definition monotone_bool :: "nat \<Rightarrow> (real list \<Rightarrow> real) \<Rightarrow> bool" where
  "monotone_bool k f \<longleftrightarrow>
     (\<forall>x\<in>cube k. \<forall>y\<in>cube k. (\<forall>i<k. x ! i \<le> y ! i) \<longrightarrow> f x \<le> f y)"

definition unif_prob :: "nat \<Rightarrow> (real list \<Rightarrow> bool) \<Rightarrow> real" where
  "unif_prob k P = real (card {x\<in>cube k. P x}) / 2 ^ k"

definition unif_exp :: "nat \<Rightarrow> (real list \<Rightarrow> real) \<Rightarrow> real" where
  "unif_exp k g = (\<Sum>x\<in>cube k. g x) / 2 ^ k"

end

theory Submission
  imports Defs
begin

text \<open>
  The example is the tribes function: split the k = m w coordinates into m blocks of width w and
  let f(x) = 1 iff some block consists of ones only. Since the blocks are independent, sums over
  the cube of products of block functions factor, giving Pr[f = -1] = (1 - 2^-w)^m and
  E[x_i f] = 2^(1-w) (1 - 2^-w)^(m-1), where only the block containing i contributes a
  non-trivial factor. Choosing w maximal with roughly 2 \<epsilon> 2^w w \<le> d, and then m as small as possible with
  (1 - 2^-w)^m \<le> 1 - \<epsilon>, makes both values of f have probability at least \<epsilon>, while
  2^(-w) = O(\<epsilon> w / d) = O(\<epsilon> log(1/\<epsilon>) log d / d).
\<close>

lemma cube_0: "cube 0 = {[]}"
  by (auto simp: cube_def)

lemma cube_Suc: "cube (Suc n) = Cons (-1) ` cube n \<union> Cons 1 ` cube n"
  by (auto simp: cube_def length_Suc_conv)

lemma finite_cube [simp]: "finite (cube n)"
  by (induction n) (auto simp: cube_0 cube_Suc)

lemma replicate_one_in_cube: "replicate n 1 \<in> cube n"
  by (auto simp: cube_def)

==================================================

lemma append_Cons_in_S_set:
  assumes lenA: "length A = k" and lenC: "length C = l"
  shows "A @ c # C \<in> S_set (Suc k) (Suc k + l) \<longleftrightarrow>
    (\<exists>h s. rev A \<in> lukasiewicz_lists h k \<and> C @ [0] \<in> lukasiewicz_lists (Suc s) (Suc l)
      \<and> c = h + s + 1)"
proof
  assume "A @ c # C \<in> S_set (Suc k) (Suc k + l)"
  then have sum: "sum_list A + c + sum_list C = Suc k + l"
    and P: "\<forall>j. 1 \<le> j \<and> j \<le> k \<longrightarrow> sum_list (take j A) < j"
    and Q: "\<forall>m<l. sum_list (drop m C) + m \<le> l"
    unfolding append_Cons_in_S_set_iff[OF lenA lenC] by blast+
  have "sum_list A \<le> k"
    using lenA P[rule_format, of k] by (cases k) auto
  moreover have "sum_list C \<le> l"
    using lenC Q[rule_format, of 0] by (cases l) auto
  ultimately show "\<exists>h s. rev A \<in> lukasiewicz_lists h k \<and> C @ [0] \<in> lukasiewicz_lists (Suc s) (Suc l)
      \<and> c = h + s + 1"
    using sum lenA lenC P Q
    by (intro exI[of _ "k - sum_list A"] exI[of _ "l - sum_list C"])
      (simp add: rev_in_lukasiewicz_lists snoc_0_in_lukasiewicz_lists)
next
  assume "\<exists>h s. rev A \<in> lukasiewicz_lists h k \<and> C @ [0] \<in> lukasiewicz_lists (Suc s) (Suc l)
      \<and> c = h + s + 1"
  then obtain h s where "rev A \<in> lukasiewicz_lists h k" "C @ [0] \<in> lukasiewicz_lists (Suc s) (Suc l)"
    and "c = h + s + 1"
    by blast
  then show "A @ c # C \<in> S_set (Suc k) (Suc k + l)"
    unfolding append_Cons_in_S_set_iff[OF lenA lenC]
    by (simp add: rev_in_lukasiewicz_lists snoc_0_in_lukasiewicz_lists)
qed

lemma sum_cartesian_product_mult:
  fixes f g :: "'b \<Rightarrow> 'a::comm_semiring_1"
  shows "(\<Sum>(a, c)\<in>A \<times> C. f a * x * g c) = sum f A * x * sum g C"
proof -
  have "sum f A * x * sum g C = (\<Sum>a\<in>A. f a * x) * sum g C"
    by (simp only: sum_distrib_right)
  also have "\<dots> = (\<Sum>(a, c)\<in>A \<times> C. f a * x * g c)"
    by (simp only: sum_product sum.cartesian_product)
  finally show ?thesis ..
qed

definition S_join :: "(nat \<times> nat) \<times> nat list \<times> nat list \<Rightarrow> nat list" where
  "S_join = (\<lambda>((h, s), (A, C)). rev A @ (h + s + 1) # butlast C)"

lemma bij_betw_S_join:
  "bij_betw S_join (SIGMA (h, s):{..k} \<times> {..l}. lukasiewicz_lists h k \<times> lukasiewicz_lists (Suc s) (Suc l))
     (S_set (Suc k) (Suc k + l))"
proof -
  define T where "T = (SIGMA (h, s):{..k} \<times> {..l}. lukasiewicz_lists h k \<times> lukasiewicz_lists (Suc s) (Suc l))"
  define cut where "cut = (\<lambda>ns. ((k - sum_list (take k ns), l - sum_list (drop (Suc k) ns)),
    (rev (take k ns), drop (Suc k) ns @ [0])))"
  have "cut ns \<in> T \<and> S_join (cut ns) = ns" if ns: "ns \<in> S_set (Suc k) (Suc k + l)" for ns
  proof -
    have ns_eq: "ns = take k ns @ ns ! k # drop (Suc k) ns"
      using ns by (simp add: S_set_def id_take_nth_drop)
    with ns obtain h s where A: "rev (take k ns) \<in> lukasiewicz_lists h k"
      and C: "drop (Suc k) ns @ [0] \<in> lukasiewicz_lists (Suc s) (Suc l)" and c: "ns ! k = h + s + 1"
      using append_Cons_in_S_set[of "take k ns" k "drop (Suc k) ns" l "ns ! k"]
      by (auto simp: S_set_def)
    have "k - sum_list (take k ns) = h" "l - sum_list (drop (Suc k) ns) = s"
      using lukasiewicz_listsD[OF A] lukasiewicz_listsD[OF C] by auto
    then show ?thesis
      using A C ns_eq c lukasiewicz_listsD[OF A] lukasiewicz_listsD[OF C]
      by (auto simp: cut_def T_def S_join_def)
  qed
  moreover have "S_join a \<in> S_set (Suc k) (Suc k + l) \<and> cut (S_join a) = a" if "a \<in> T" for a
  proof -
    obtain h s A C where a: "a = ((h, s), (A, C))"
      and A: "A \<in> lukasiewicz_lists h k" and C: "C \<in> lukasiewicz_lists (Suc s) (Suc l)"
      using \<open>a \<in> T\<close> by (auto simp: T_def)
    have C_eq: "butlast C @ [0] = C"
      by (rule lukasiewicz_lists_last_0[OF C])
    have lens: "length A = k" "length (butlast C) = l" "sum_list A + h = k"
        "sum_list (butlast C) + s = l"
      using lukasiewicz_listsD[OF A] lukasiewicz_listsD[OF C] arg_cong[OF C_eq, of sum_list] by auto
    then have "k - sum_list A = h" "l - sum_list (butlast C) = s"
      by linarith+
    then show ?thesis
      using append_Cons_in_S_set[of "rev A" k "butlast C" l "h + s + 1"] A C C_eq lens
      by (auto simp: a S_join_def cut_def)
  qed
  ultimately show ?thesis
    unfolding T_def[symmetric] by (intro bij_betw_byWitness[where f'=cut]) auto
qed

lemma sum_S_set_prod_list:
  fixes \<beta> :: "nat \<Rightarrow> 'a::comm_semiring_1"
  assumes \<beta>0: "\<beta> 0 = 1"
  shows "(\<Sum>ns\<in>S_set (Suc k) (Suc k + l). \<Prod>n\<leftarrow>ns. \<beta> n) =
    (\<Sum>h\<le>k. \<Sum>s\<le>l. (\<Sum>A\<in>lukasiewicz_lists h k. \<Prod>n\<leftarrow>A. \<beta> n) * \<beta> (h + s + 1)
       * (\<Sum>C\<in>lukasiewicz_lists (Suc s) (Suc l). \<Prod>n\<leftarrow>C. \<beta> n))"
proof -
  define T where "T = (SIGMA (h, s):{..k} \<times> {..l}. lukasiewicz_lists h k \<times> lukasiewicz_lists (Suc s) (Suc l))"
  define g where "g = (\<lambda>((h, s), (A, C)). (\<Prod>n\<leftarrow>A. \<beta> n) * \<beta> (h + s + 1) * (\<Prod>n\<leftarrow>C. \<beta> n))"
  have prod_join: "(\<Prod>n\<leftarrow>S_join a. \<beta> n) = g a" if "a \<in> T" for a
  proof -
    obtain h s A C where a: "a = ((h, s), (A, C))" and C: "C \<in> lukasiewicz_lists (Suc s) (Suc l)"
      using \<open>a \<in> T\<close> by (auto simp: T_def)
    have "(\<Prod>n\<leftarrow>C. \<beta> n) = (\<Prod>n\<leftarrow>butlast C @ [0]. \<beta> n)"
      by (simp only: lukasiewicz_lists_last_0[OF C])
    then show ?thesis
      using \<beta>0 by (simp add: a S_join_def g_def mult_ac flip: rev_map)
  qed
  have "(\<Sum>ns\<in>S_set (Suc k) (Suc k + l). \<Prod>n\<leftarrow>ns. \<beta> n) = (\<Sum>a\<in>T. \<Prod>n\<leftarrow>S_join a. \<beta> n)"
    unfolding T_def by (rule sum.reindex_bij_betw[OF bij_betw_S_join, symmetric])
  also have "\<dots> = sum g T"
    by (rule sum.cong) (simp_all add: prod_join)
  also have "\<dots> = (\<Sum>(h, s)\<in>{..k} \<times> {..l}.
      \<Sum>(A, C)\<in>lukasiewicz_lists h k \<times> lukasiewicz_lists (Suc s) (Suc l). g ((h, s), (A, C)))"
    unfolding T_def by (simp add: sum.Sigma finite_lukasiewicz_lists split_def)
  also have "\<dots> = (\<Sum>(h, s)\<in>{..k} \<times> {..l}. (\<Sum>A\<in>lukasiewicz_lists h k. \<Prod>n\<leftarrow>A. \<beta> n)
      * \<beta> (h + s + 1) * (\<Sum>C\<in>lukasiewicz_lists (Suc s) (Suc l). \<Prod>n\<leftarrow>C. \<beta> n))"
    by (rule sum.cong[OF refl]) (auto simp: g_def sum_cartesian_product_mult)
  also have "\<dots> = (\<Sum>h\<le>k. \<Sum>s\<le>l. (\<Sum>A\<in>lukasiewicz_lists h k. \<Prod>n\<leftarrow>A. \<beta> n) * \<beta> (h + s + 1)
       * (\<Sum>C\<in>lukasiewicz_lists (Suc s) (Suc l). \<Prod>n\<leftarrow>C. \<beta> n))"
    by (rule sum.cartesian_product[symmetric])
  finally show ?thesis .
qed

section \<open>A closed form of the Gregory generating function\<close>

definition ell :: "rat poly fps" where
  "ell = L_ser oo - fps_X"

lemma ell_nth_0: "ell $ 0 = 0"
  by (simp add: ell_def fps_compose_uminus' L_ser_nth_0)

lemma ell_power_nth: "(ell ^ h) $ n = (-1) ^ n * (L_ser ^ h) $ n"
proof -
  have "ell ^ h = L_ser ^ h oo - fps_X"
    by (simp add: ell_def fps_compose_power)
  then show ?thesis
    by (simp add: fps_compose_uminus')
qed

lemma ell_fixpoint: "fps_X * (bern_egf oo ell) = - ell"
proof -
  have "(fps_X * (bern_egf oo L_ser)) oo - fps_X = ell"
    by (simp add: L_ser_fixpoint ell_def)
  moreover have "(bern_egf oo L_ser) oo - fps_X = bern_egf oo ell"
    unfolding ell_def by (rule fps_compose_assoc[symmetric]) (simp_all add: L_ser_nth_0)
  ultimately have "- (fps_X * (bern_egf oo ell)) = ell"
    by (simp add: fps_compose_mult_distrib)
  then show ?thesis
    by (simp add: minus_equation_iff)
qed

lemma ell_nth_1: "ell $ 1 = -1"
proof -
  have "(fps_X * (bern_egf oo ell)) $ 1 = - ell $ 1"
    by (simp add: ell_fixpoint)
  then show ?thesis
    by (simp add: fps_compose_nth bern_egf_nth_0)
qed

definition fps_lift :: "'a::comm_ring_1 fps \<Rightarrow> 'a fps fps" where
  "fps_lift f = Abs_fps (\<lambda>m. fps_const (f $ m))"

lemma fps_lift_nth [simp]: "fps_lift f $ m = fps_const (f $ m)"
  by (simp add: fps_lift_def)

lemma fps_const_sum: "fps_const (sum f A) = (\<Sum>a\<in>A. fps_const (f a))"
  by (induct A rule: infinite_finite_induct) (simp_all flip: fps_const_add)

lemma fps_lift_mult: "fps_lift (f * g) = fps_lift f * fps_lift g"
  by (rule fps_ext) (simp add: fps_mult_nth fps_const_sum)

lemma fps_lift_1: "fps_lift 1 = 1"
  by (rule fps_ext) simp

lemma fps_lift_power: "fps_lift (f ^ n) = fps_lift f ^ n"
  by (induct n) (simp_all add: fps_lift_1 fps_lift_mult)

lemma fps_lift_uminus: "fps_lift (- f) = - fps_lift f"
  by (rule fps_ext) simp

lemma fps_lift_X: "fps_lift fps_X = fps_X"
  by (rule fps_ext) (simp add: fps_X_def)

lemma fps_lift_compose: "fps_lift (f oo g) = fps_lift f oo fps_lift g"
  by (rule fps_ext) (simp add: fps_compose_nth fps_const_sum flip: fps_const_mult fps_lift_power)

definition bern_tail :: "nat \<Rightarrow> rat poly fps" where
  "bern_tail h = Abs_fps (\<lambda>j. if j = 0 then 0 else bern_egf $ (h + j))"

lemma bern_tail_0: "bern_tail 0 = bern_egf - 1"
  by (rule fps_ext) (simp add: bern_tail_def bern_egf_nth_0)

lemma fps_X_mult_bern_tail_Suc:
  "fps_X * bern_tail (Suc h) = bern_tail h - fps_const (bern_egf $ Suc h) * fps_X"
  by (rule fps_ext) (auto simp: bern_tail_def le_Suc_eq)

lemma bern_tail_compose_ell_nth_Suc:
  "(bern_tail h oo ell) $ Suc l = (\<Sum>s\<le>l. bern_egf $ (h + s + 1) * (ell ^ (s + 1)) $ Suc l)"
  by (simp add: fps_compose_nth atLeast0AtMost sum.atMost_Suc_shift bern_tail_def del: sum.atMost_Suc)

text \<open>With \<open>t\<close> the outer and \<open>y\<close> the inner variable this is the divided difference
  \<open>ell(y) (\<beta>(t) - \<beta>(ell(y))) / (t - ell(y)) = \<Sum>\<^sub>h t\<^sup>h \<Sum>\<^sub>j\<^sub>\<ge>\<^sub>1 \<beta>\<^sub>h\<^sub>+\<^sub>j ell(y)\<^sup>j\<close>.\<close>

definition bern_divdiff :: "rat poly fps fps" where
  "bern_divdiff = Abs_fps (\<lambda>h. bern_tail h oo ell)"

==================================================

What to do: Please return only the lines above, starting at the line that has "using lenC Q[rule_format, of" and ending at the line that has "by (intro exI[of", keeping both and leaving each one unchanged.

Your solution:
    using lenC Q[rule_format, of 0] by (cases l) auto
  ultimately show "\<exists>h s. rev A \<in> lukasiewicz_lists h k \<and> C @ [0] \<in> lukasiewicz_lists (Suc s) (Suc l)
      \<and> c = h + s + 1"
    using sum lenA lenC P Q
    by (intro exI[of _ "k - sum_list A"] exI[of _ "l - sum_list C"])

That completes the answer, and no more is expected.